** Problem details **
From the data underneath, reproduce exactly the stretch that begins at the line with "X\<^sub>b + \<epsilon>\<close> with independent" and ends after the line with "adding \<open>c\<close> to".

───── Data section ─────

(* Let $\Sigma^*$ be an $n\times n$ positive definite matrix with $\Omega^*=(\Sigma^* )^{-1}$ whose conditional independence structure is a tree $T^*$, let $D^*$ be a diagonal matrix with nonnegative entries, let $a$ be a leaf of $T^*$ with neighbor $b$, and let $c$ satisfy $0<c<D^*_{bb}$. Define $\Sigma^q$ by $\Sigma^q_{aa}=\Sigma^*_{aa}-\frac{1}{\Omega^*_{aa}}$, $\Sigma^q_{bb}=\Sigma^*_{bb}+c$, and $\Sigma^q_{ij}=\Sigma^*_{ij}$ for all other $(i,j)$. Then $\Sigma^q$ is a covariance (positive definite) matrix and its conditional independence structure is the tree obtained from $T^*$ by exchanging the positions of nodes $a$ and $b$.
   Context: For an $n\times n$ positive definite matrix $\Sigma$ with inverse $\Omega$, its conditional independence structure is the graph on $\{1,\dots,n\}$ with an edge $\{i,j\}$ ($i\neq j$) iff $\Omega_{ij}\neq 0$. "Exchanging the positions of $a$ and $b$" means applying to $T^*$ the relabeling of vertices that swaps $a$ and $b$. *)

theory Defs
  imports "HOL-Analysis.Analysis"
begin

definition pos_def :: "real^'n^'n \<Rightarrow> bool" where
  "pos_def S \<longleftrightarrow> transpose S = S \<and> (\<forall>x. x \<noteq> 0 \<longrightarrow> x \<bullet> (S *v x) > 0)"

definition ci_adj :: "real^'n^'n \<Rightarrow> 'n \<Rightarrow> 'n \<Rightarrow> bool" where
  "ci_adj S i j \<longleftrightarrow> i \<noteq> j \<and> matrix_inv S $ i $ j \<noteq> 0"

definition walk :: "('n \<Rightarrow> 'n \<Rightarrow> bool) \<Rightarrow> 'n list \<Rightarrow> bool" where
  "walk E vs \<longleftrightarrow> vs \<noteq> [] \<and> (\<forall>k. Suc k < length vs \<longrightarrow> E (vs ! k) (vs ! Suc k))"

definition graph_connected :: "('n \<Rightarrow> 'n \<Rightarrow> bool) \<Rightarrow> bool" where
  "graph_connected E \<longleftrightarrow> (\<forall>u v. \<exists>vs. walk E vs \<and> hd vs = u \<and> last vs = v)"

definition has_cycle :: "('n \<Rightarrow> 'n \<Rightarrow> bool) \<Rightarrow> bool" where
  "has_cycle E \<longleftrightarrow> (\<exists>vs. length vs \<ge> 3 \<and> distinct vs \<and> walk E vs \<and> E (last vs) (hd vs))"

definition is_tree :: "('n \<Rightarrow> 'n \<Rightarrow> bool) \<Rightarrow> bool" where
  "is_tree E \<longleftrightarrow> (\<forall>u v. E u v \<longrightarrow> E v u) \<and> (\<forall>u. \<not> E u u) \<and> graph_connected E \<and> \<not> has_cycle E"

definition swap_ab :: "'n \<Rightarrow> 'n \<Rightarrow> 'n \<Rightarrow> 'n" where
  "swap_ab a b x = (if x = a then b else if x = b then a else x)"

end

theory Submission
  imports Defs
begin

text \<open>
  Since \<open>a\<close> is a leaf attached to \<open>b\<close>, row \<open>a\<close> of the precision matrix \<open>W = \<Sigma>\<inverse>\<close> is
  supported on \<open>{a, b}\<close>; equivalently, column \<open>a\<close> of \<open>\<Sigma>\<close> is \<open>\<beta>\<close> times column \<open>b\<close> plus
  \<open>e\<^sub>a / W\<^sub>a\<^sub>a\<close>, where \<open>\<beta> = - W\<^sub>a\<^sub>b / W\<^sub>a\<^sub>a\<close>: in distribution \<open>X\<^sub>a = \<beta> X\<^sub>b + \<epsilon>\<close> with independent
  noise of variance \<open>1 / W\<^sub>a\<^sub>a\<close>. Subtracting \<open>1 / W\<^sub>a\<^sub>a\<close> from \<open>\<Sigma>\<^sub>a\<^sub>a\<close> removes that noise, and
  adding \<open>c\<close> to \<open>\<Sigma>\<^sub>b\<^sub>b\<close> turns \<open>X\<^sub>b\<close> into a noisy copy of the new \<open>X\<^sub>a = \<beta> X\<^sub>b\<close>; so now \<open>b\<close>
  hangs as a leaf from \<open>a\<close>, which inherits the other neighbours of \<open>b\<close>. Concretely, the
  inverse of \<open>\<Sigma>\<^sup>q\<close> is given in closed form and checked entrywise, and positive
  definiteness comes from \<open>x \<bullet> \<Sigma>\<^sup>q x = y \<bullet> \<Sigma> y + c x\<^sub>b\<^sup>2\<close> with \<open>y = x - x\<^sub>a W e\<^sub>a / W\<^sub>a\<^sub>a\<close>,
  where \<open>y = 0\<close> forces \<open>x\<^sub>b \<noteq> 0\<close> because \<open>W\<^sub>a\<^sub>b \<noteq> 0\<close>.
\<close>

lemma matrix_inv_right:
  fixes A :: "'a::field^'n^'n"
  assumes "invertible A"
  shows "A ** matrix_inv A = mat 1"
  using someI_ex[OF assms[unfolded invertible_def]] by (simp add: matrix_inv_def)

─────

** Task output **
  \<open>e\<^sub>a / W\<^sub>a\<^sub>a\<close>, where \<open>\<beta> = - W\<^sub>a\<^sub>b / W\<^sub>a\<^sub>a\<close>: in distribution \<open>X\<^sub>a = \<beta> X\<^sub>b + \<epsilon>\<close> with independent
  noise of variance \<open>1 / W\<^sub>a\<^sub>a\<close>. Subtracting \<open>1 / W\<^sub>a\<^sub>a\<close> from \<open>\<Sigma>\<^sub>a\<^sub>a\<close> removes that noise, and
  adding \<open>c\<close> to \<open>\<Sigma>\<^sub>b\<^sub>b\<close> turns \<open>X\<^sub>b\<close> into a noisy copy of the new \<open>X\<^sub>a = \<beta> X\<^sub>b\<close>; so now \<open>b\<close>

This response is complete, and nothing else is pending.